И так велика была надежда и вера Вафила, что он не удивился и не испугался, когда почувствовал вдруг, что неподвижные до сих пор в стыдливой позе руки уже касались его волос и шеи. Подняв голову, он увидел, что вставленные изумрудные глаза горели не мертвым блеском камня. Тихо, сливаясь с журчанием водоема, раздался голос сжалившейся:

— Я утешу тебя, избранный мною с самого часа рождения. Разве для смертных создавала я твое тело; разве твоя красота не говорила всем не слепым, что печать моих забот лежит на тебе. Мальчик, не догадывающийся, какую славную участь я готовлю ему, вытри свои слезы, встань, тебе позволено смотреть прямо в глаза прародительнице народов.

Поднявшись на ступеньки, Вафил обнял уже не холодный мрамор, а горячее упругое тело, трепетное и прекрасное.

Так, не смертной было суждено видеть, как в первой раз посинели его светлые глаза, и изведать первые объятья, в которых страсть является лучшей руководительницей, заменяя дерзость и опытность.

Глава X

Даже из-за гор приходили на погребение Вафила все, до кого долетела горестная весть о необычайной кончине юноши.

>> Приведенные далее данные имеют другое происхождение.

lemma line_increment_bound:
  fixes g :: "'a::real_normed_vector \<Rightarrow> real"
  assumes partial: "\<And>q. q \<in> V \<Longrightarrow> ((\<lambda>t. g (q + t *\<^sub>R b)) has_real_derivative G q) (at 0)"
    and close: "\<And>q. q \<in> V \<Longrightarrow> \<bar>G q - L\<bar> \<le> e"
    and segment: "\<And>s. \<bar>s\<bar> \<le> \<bar>c\<bar> \<Longrightarrow> q + s *\<^sub>R b \<in> V"
  shows "\<bar>g (q + c *\<^sub>R b) - g q - c * L\<bar> \<le> e * \<bar>c\<bar>"
proof -
  have "\<bar>g (q + c *\<^sub>R b) - g (q + 0 *\<^sub>R b) - c * L\<bar> \<le> e * \<bar>c\<bar>"
  proof (rule DERIV_close_to_const_bound)
    fix s assume "s \<in> {min 0 c..max 0 c}"
    then have "q + s *\<^sub>R b \<in> V" by (intro segment) auto
    then show "((\<lambda>s. g (q + s *\<^sub>R b)) has_real_derivative G (q + s *\<^sub>R b)) (at s)
        \<and> \<bar>G (q + s *\<^sub>R b) - L\<bar> \<le> e"
      using has_real_derivative_line_shift[OF partial] close by blast
  qed
  then show ?thesis by simp
qed

(* The mean value theorem, applied one coordinate direction at a time. *)
lemma partials_increment_bound:
  fixes g :: "'a::euclidean_space \<Rightarrow> real"
  assumes partial: "\<And>i q. i \<in> Basis \<Longrightarrow> q \<in> ball p d \<Longrightarrow>
      ((\<lambda>t. g (q + t *\<^sub>R i)) has_real_derivative G i q) (at 0)"
    and close: "\<And>i q. i \<in> Basis \<Longrightarrow> q \<in> ball p d \<Longrightarrow> \<bar>G i q - G i p\<bar> \<le> e"
    and h: "norm h < d"
  shows "\<bar>g (p + h) - g p - (\<Sum>i\<in>Basis. (h \<bullet> i) * G i p)\<bar> \<le> e * (\<Sum>i\<in>Basis. \<bar>h \<bullet> i\<bar>)"
proof -
  have in_ball: "p + v \<in> ball p d" if "norm v < d" for v
    using that by (simp add: dist_norm norm_minus_commute)
  have "\<forall>h. (\<forall>i\<in>Basis - B. h \<bullet> i = 0) \<longrightarrow> norm h < d \<longrightarrow>
     \<bar>g (p + h) - g p - (\<Sum>i\<in>B. (h \<bullet> i) * G i p)\<bar> \<le> e * (\<Sum>i\<in>B. \<bar>h \<bullet> i\<bar>)"
    if "B \<subseteq> Basis" for B
    using finite_subset[OF that finite_Basis] that
  proof (induction B rule: finite_subset_induct')
    case empty
    then show ?case by (simp add: euclidean_all_zero_iff)
  next
    case (insert b B)
    show ?case
    proof (intro allI impI)
      fix h :: 'a
      assume supp: "\<forall>i\<in>Basis - insert b B. h \<bullet> i = 0" and hd: "norm h < d"
      define c where "c = h \<bullet> b"
      define h' where "h' = h - c *\<^sub>R b"
      have h'_comp: "h' \<bullet> i = (if i = b then 0 else h \<bullet> i)" if "i \<in> Basis" for i
        using that insert.hyps(2) by (auto simp: h'_def c_def inner_diff_left inner_not_same_Basis)
      have near: "p + h' + s *\<^sub>R b \<in> ball p d" if "\<bar>s\<bar> \<le> \<bar>c\<bar>" for s
      proof -
        have "norm (h' + s *\<^sub>R b) < d"
          using norm_remove_Basis_component_le[OF insert.hyps(2), of s h] that hd
          by (simp add: h'_def c_def)
        then show ?thesis
          using in_ball by (simp only: add.assoc)
      qed
      have IH: "\<bar>g (p + h') - g p - (\<Sum>i\<in>B. (h' \<bullet> i) * G i p)\<bar> \<le> e * (\<Sum>i\<in>B. \<bar>h' \<bullet> i\<bar>)"
        using insert.IH near[of 0] supp h'_comp by (simp add: dist_norm norm_minus_commute)
      have "\<bar>g (p + h' + c *\<^sub>R b) - g (p + h') - c * G b p\<bar> \<le> e * \<bar>c\<bar>"
        by (rule line_increment_bound[where V = "ball p d" and G = "G b"])
          (use insert.hyps(2) partial close near in auto)
      then have step: "\<bar>g (p + h) - g (p + h') - c * G b p\<bar> \<le> e * \<bar>c\<bar>"
        by (simp add: h'_def algebra_simps)
      have "(\<Sum>i\<in>B. (h' \<bullet> i) * G i p) = (\<Sum>i\<in>B. (h \<bullet> i) * G i p)"
        "(\<Sum>i\<in>B. \<bar>h' \<bullet> i\<bar>) = (\<Sum>i\<in>B. \<bar>h \<bullet> i\<bar>)"
        using insert.hyps h'_comp by (auto intro!: sum.cong)
      then show "\<bar>g (p + h) - g p - (\<Sum>i\<in>insert b B. (h \<bullet> i) * G i p)\<bar>
          \<le> e * (\<Sum>i\<in>insert b B. \<bar>h \<bullet> i\<bar>)"
        using insert.hyps IH step by (simp add: c_def algebra_simps)
    qed
  qed
  then show ?thesis using h by auto
qed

Только к вечеру следующего дня приехавшим из города Емподием было найдено тело и рядом одежды в розовом углублении водоема у подножья статуи Афродиты.

Прекрасное тело так мало походило на труп, что целых пять дней не решались Бион и другие искусные врачи утверждать, что дух уже покинул свою земную темницу, чтобы в Элизиуме занять достойное место среди богов и героев.

Однако еще среди колебаний были сделаны уже все приготовления к погребению. Белых астр, опустошив цветники Терпандра, принесли девушки и устлали пол благовонными травами. Как жениха на брачный пир, увили Вафила белой туникой; волосы украсили венком; руки умастили мазями. На крылатых кадильницах Терпандр сжег ароматные смолы и курения. Спущенный полог давал постоянный сумрак и вместе с тем пропускал тонкие лучи солнца, игравшего на лице умершего странным, живым румянцем.

Безмолвно белела в сумраке победительница Афродита, даже улыбкой не выдавая своего торжества; благовонный шепот и подавленные вздохи не заглушали успокоительного журчания водоема.

Больше всех из девушек, конечно, плакала ненасытившая свою страсть Главкис, даже нарушая приличие и благочиние своими воплями и стонами. Несносная печаль разрывала ее сердце, еще переполненное неразделенной любовью. Никогда уже не узнает она радости; никогда не будет владеть прекрасным телом возлюбленного; даже сладкими воспоминаниями не могла она утешить себя, потому что воспоминанья о бесплодных ласках Вафила только еще больше увеличивали ее беспримерные, невыносимые страданья.

Много толков вызвала эта смерть, казавшаяся столь необъяснимой и несправедливой, ибо никто не мог знать, что еще на земле Вафил был счастливейшим из смертных любовников.

И только Терпандр, отметив в своих таблетках день погребения Вафила, осенний, хотя

и ясный, возбуждающий какое-то необъяснимое беспокойство ветром, засыпающим пылью, багровым солнцем, шумом деревьев и недалекого моря, еще недостаточно спокойный, чтобы написать элегию{135} правильным размером, записал: «Милость и мудрость богов, хотя бы и не всегда ясная для нашего бедного рассудка, всегда прозревается в, казалось бы, даже совершенно лишенных справедливости и разумности случаях нашей жизни».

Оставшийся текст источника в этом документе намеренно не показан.